(* Let $k\geq3$, $A=\{0,1,\dots,k-1\}$, $N=k-1$ and let $T\colon A^{N^2}\to A$ be given by $T(x_{1,1},\dots,x_{1,N},\dots,x_{N,1},\dots,x_{N,N})=1$ if $x_{i,j}=i$ for all $i,j$ or $x_{i,j}=j$ for all $i,j$, and $0$ otherwise. Then \[\{T\}^{*(1)}=\{\mathrm{id}_A\}\cup\{f\colon A\to A : f(0)=f(1)=0\}.\]
   Context: An $m$-ary $g$ commutes with an $n$-ary $h$ if $g\bigl((h((x_{ij})_{j}))_{i}\bigr)=h\bigl((g((x_{ij})_{i}))_{j}\bigr)$ for all $(x_{ij})\in A^{m\times n}$. For $F$ a set of finitary operations on $A$ (positive arity), $F^*$ is the set of all finitary operations of positive arity commuting with every member of $F$, and $F^{*(1)}$ is the set of unary members of $F^*$. *)

theory Defs
  imports "HOL-Library.FuncSet"
begin

text \<open>An n-ary operation on A is modelled as a function on tuples
  x :: nat \<Rightarrow> 'a, whose argument positions are 0,...,n-1 (only the values
  x 0, ..., x (n-1) are passed; other positions are cut off by restrict).\<close>

definition commutes ::
  "'a set \<Rightarrow> nat \<Rightarrow> ((nat \<Rightarrow> 'a) \<Rightarrow> 'a) \<Rightarrow> nat \<Rightarrow> ((nat \<Rightarrow> 'a) \<Rightarrow> 'a) \<Rightarrow> bool" where
  "commutes A m g n h \<longleftrightarrow>
     (\<forall>x. (\<forall>i<m. \<forall>j<n. x i j \<in> A) \<longrightarrow>
        g (\<lambda>i\<in>{..<m}. h (\<lambda>j\<in>{..<n}. x i j)) =
        h (\<lambda>j\<in>{..<n}. g (\<lambda>i\<in>{..<m}. x i j)))"

definition unary_centralizer ::
  "'a set \<Rightarrow> (nat \<times> ((nat \<Rightarrow> 'a) \<Rightarrow> 'a)) set \<Rightarrow> ('a \<Rightarrow> 'a) set" where
  "unary_centralizer A F =
     {f \<in> A \<rightarrow>\<^sub>E A. \<forall>(n, h) \<in> F. commutes A 1 (\<lambda>x. f (x 0)) n h}"

text \<open>The N^2-ary operation T on {0..k-1}, N = k-1. The argument
  x_{i,j} (1 \<le> i,j \<le> N, row-major) sits at position (i-1)*N + (j-1),
  i.e. position p has i = p div N + 1 and j = p mod N + 1.\<close>

definition T_op :: "nat \<Rightarrow> (nat \<Rightarrow> nat) \<Rightarrow> nat" where
  "T_op k x = (let N = k - 1 in
     if (\<forall>p<N*N. x p = p div N + 1) \<or> (\<forall>p<N*N. x p = p mod N + 1) then 1 else 0)"

end

theory Submission
  imports Defs
begin

text \<open>T is 1 exactly
  on the row pattern x(i,j) = i and the column pattern x(i,j) = j, and each of them
  takes every value 1, ..., N. Evaluating at the constant tuple 0 gives f 0 = 0; evaluating at the
  row pattern shows that f is the identity or f 1 = 0. Conversely, if f 0 = f 1 = 0 then f \<circ> y
  cannot take all values 1, ..., N, since f would then be surjective, hence injective, on A; so
  both sides vanish.\<close>

lemma commutes_unary_iff:
  "commutes A 1 (\<lambda>x. f (x 0)) n h \<longleftrightarrow>
   (\<forall>y. (\<forall>j<n. y j \<in> A) \<longrightarrow> f (h (restrict y {..<n})) = h (\<lambda>j\<in>{..<n}. f (y j)))"
proof (intro iffI allI impI)
  fix y :: "nat \<Rightarrow> 'a"
  assume "commutes A 1 (\<lambda>x. f (x 0)) n h" and "\<forall>j<n. y j \<in> A"
  then show "f (h (restrict y {..<n})) = h (\<lambda>j\<in>{..<n}. f (y j))"
    unfolding commutes_def by (drule_tac x = "\<lambda>_. y" in spec) simp
next
  assume "\<forall>y. (\<forall>j<n. y j \<in> A) \<longrightarrow> f (h (restrict y {..<n})) = h (\<lambda>j\<in>{..<n}. f (y j))"
  then show "commutes A 1 (\<lambda>x. f (x 0)) n h"
    unfolding commutes_def by simp
qed

lemma unary_centralizer_singleton_iff:
  "f \<in> unary_centralizer A {(n, h)} \<longleftrightarrow> f \<in> A \<rightarrow>\<^sub>E A \<and>
     (\<forall>y. (\<forall>j<n. y j \<in> A) \<longrightarrow> f (h (restrict y {..<n})) = h (\<lambda>j\<in>{..<n}. f (y j)))"
  unfolding unary_centralizer_def commutes_unary_iff by simp

definition row_index :: "nat \<Rightarrow> nat \<Rightarrow> nat" where
  "row_index N p = p div N + 1"

definition col_index :: "nat \<Rightarrow> nat \<Rightarrow> nat" where
  "col_index N p = p mod N + 1"

lemma row_index_image: "0 < N \<Longrightarrow> row_index N ` {..<N * N} = {1..N}"
proof (intro equalityI subsetI)
  fix a assume "0 < N" "a \<in> {1..N}"
  then have "(a - 1) * N < N * N" "row_index N ((a - 1) * N) = a"
    by (auto simp: row_index_def)
  then show "a \<in> row_index N ` {..<N * N}" by (metis image_eqI lessThan_iff)
qed (auto simp: row_index_def Suc_le_eq dest: less_mult_imp_div_less)

lemma col_index_image: "0 < N \<Longrightarrow> col_index N ` {..<N * N} = {1..N}"
proof (intro equalityI subsetI)
  fix a assume "0 < N" "a \<in> {1..N}"
  then have "a - 1 < N * N" "col_index N (a - 1) = a"
    by (auto simp: col_index_def intro: less_le_trans[of _ N])
  then show "a \<in> col_index N ` {..<N * N}" by (metis image_eqI lessThan_iff)
qed (auto simp: col_index_def Suc_le_eq)

lemma T_op_eq:
  "T_op k x = (if (\<forall>p<(k - 1) * (k - 1). x p = row_index (k - 1) p)
                 \<or> (\<forall>p<(k - 1) * (k - 1). x p = col_index (k - 1) p) then 1 else 0)"
  unfolding T_op_def row_index_def col_index_def Let_def ..

lemma T_op_le_1: "T_op k x \<le> 1"
  by (simp add: T_op_eq)

lemma T_op_cong:
  "(\<And>p. p < (k - 1) * (k - 1) \<Longrightarrow> x p = y p) \<Longrightarrow> T_op k x = T_op k y"
  by (simp add: T_op_eq)

lemma T_op_restrict [simp]: "T_op k (restrict x {..<(k - 1) * (k - 1)}) = T_op k x"
  by (simp add: T_op_eq)

lemma T_op_eq_1_imp_range:
  assumes "T_op k x = 1"
  shows "{1..k - 1} \<subseteq> x ` {..<(k - 1) * (k - 1)}"
proof (cases "k - 1 = 0")
  case False
  from assms consider
      "\<forall>p<(k - 1) * (k - 1). x p = row_index (k - 1) p"
    | "\<forall>p<(k - 1) * (k - 1). x p = col_index (k - 1) p"
    unfolding T_op_eq by (metis zero_neq_one)
  then show ?thesis
  proof cases
    case 1
    then have "x ` {..<(k - 1) * (k - 1)} = row_index (k - 1) ` {..<(k - 1) * (k - 1)}"
      by (intro image_cong) auto
    with False show ?thesis by (simp add: row_index_image)
  next
    case 2
    then have "x ` {..<(k - 1) * (k - 1)} = col_index (k - 1) ` {..<(k - 1) * (k - 1)}"
      by (intro image_cong) auto
    with False show ?thesis by (simp add: col_index_image)
  qed
qed simp

lemma T_op_const: "3 \<le> k \<Longrightarrow> T_op k (\<lambda>_. c) = 0"
proof -
  assume "3 \<le> k"
  then have "2 * 2 \<le> (k - 1) * (k - 1)" by (intro mult_le_mono) simp_all
  with \<open>3 \<le> k\<close> have "0 < (k - 1) * (k - 1)" "k - 1 < (k - 1) * (k - 1)" "1 < (k - 1) * (k - 1)"
    "row_index (k - 1) 0 \<noteq> row_index (k - 1) (k - 1)" "col_index (k - 1) 0 \<noteq> col_index (k - 1) 1"
    by (auto simp: row_index_def col_index_def)
  then show ?thesis unfolding T_op_eq by metis
qed

lemma T_op_collapsing_comp_eq_0:
  assumes "1 < k" "f 0 = 0" "f 1 = 0" "\<forall>j<(k - 1) * (k - 1). y j < k"
  shows "T_op k (\<lambda>j. f (y j)) = 0"
proof (rule ccontr)
  assume "T_op k (\<lambda>j. f (y j)) \<noteq> 0"
  then have "T_op k (\<lambda>j. f (y j)) = 1" using T_op_le_1[of k "\<lambda>j. f (y j)"] by linarith
  then have "{1..k - 1} \<subseteq> (\<lambda>j. f (y j)) ` {..<(k - 1) * (k - 1)}"
    by (rule T_op_eq_1_imp_range)
  also have "\<dots> \<subseteq> f ` {0..<k}" using assms(4) by auto
  finally have "{1..k - 1} \<subseteq> f ` {0..<k}" .
  moreover have "0 \<in> f ` {0..<k}" using assms(1,2) by (intro image_eqI[of _ _ 0]) simp_all
  moreover have "{0..<k} = insert 0 {1..k - 1}" using assms(1) by auto
  ultimately have "{0..<k} \<subseteq> f ` {0..<k}" by simp
  then have "inj_on f {0..<k}" by (intro finite_surj_inj) simp_all
  then show False using inj_onD[of f "{0..<k}" 0 1] assms(1-3) by simp
qed

lemma unary_centralizer_T_iff:
  "f \<in> unary_centralizer {0..<k} {((k - 1) * (k - 1), T_op k)} \<longleftrightarrow>
     f \<in> {0..<k} \<rightarrow>\<^sub>E {0..<k} \<and>
     (\<forall>y. (\<forall>j<(k - 1) * (k - 1). y j < k) \<longrightarrow> f (T_op k y) = T_op k (\<lambda>j. f (y j)))"
  unfolding unary_centralizer_singleton_iff T_op_restrict by simp

lemma T_commuting_fixes_0:
  assumes "3 \<le> k"
    and commute: "\<And>y. \<forall>j<(k - 1) * (k - 1). y j < k \<Longrightarrow> f (T_op k y) = T_op k (\<lambda>j. f (y j))"
  shows "f 0 = 0"
  using commute[of "\<lambda>_. 0"] assms(1) by (simp add: T_op_const)

text \<open>The image of the row pattern under f has equal entries at positions 0 and 1, so it is
  never the column pattern.\<close>

lemma T_commuting_fixes_or_collapses:
  assumes "3 \<le> k"
    and commute: "\<And>y. \<forall>j<(k - 1) * (k - 1). y j < k \<Longrightarrow> f (T_op k y) = T_op k (\<lambda>j. f (y j))"
  shows "(\<forall>a<k. f a = a) \<or> (f 0 = 0 \<and> f 1 = 0)"
proof -
  define N where "N = k - 1"
  have "2 \<le> N" using assms(1) by (simp add: N_def)
  have f0: "f 0 = 0" using assms by (rule T_commuting_fixes_0)
  have "\<forall>p<(k - 1) * (k - 1). row_index N p < k"
    using assms(1) by (auto simp: row_index_def N_def dest: less_mult_imp_div_less)
  moreover have "T_op k (row_index N) = 1" by (simp add: T_op_eq N_def)
  ultimately have f1: "f 1 = T_op k (\<lambda>p. f (row_index N p))"
    using commute[of "row_index N"] by simp
  consider "\<forall>p<N * N. f (row_index N p) = row_index N p"
    | "\<forall>p<N * N. f (row_index N p) = col_index N p"
    | "f 1 = 0"
    using f1 unfolding T_op_eq N_def[symmetric] by (auto split: if_splits)
  then show ?thesis
  proof cases
    case 1
    then have "\<forall>a\<in>row_index N ` {..<N * N}. f a = a" by auto
    then have "\<forall>a\<in>{1..N}. f a = a" using row_index_image[of N] \<open>2 \<le> N\<close> by simp
    with f0 have "f a = a" if "a < k" for a
      using that by (cases "a = 0") (auto simp: N_def)
    then show ?thesis by blast
  next
    case 2
    moreover have "2 * 2 \<le> N * N" using \<open>2 \<le> N\<close> by (intro mult_le_mono)
    then have "0 < N * N" "1 < N * N" using \<open>2 \<le> N\<close> by simp_all
    ultimately have "f (row_index N 0) = col_index N 0" "f (row_index N 1) = col_index N 1"
      by simp_all
    then show ?thesis using \<open>2 \<le> N\<close> by (simp add: row_index_def col_index_def)
  qed (simp add: f0)
qed

lemma unary_centralizer_T_cases:
  assumes "3 \<le> k" "f \<in> unary_centralizer {0..<k} {((k - 1) * (k - 1), T_op k)}"
  shows "f = restrict id {0..<k} \<or> (f \<in> {0..<k} \<rightarrow>\<^sub>E {0..<k} \<and> f 0 = 0 \<and> f 1 = 0)"
proof -
  from assms(2) have f_in: "f \<in> {0..<k} \<rightarrow>\<^sub>E {0..<k}"
    and commute: "\<And>y. \<forall>j<(k - 1) * (k - 1). y j < k \<Longrightarrow> f (T_op k y) = T_op k (\<lambda>j. f (y j))"
    unfolding unary_centralizer_T_iff by blast+
  from assms(1) commute have "(\<forall>a<k. f a = a) \<or> (f 0 = 0 \<and> f 1 = 0)"
    by (rule T_commuting_fixes_or_collapses)
  moreover have "f = restrict id {0..<k}" if "\<forall>a<k. f a = a"
    using f_in that by (intro extensionalityI[of _ "{0..<k}"]) (simp_all add: PiE_iff)
  ultimately show ?thesis using f_in by blast
qed

lemma restrict_id_in_unary_centralizer_T:
  assumes "1 < k"
  shows "restrict id {0..<k} \<in> unary_centralizer {0..<k} {((k - 1) * (k - 1), T_op k)}"
proof -
  have "restrict id {0..<k} (T_op k y) = T_op k (\<lambda>j. restrict id {0..<k} (y j))"
    if "\<forall>j<(k - 1) * (k - 1). y j < k" for y
    using assms that T_op_le_1[of k y] by (auto intro: T_op_cong)
  then show ?thesis unfolding unary_centralizer_T_iff by auto
qed

lemma collapsing_in_unary_centralizer_T:
  assumes "1 < k" "f \<in> {0..<k} \<rightarrow>\<^sub>E {0..<k}" "f 0 = 0" "f 1 = 0"
  shows "f \<in> unary_centralizer {0..<k} {((k - 1) * (k - 1), T_op k)}"
proof -
  have "f (T_op k y) = T_op k (\<lambda>j. f (y j))" if "\<forall>j<(k - 1) * (k - 1). y j < k" for y
  proof -
    have "f (T_op k y) = 0"
      using T_op_le_1[of k y] assms(3,4) by (cases "T_op k y") simp_all
    with T_op_collapsing_comp_eq_0[OF assms(1,3,4) that] show ?thesis by simp
  qed
  with assms(2) show ?thesis unfolding unary_centralizer_T_iff by blast
qed

theorem lemma3p2:
  fixes k :: nat
  assumes "k \<ge> 3"
  shows "unary_centralizer {0..<k} {((k - 1) * (k - 1), T_op k)} =
         {restrict id {0..<k}} \<union> {f \<in> {0..<k} \<rightarrow>\<^sub>E {0..<k}. f 0 = 0 \<and> f 1 = 0}"
proof (intro equalityI subsetI)
  fix f assume "f \<in> unary_centralizer {0..<k} {((k - 1) * (k - 1), T_op k)}"
  with assms show "f \<in> {restrict id {0..<k}} \<union> {f \<in> {0..<k} \<rightarrow>\<^sub>E {0..<k}. f 0 = 0 \<and> f 1 = 0}"
    using unary_centralizer_T_cases by blast
next
  fix f assume "f \<in> {restrict id {0..<k}} \<union> {f \<in> {0..<k} \<rightarrow>\<^sub>E {0..<k}. f 0 = 0 \<and> f 1 = 0}"
  with assms show "f \<in> unary_centralizer {0..<k} {((k - 1) * (k - 1), T_op k)}"
    using restrict_id_in_unary_centralizer_T collapsing_in_unary_centralizer_T by auto
qed

end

________________________________________

DESCRIPTION OF THE TASK: The word "imports" appears on some lines of the data above; say how many such lines there are, with nothing else.

WRITTEN ANSWER: 2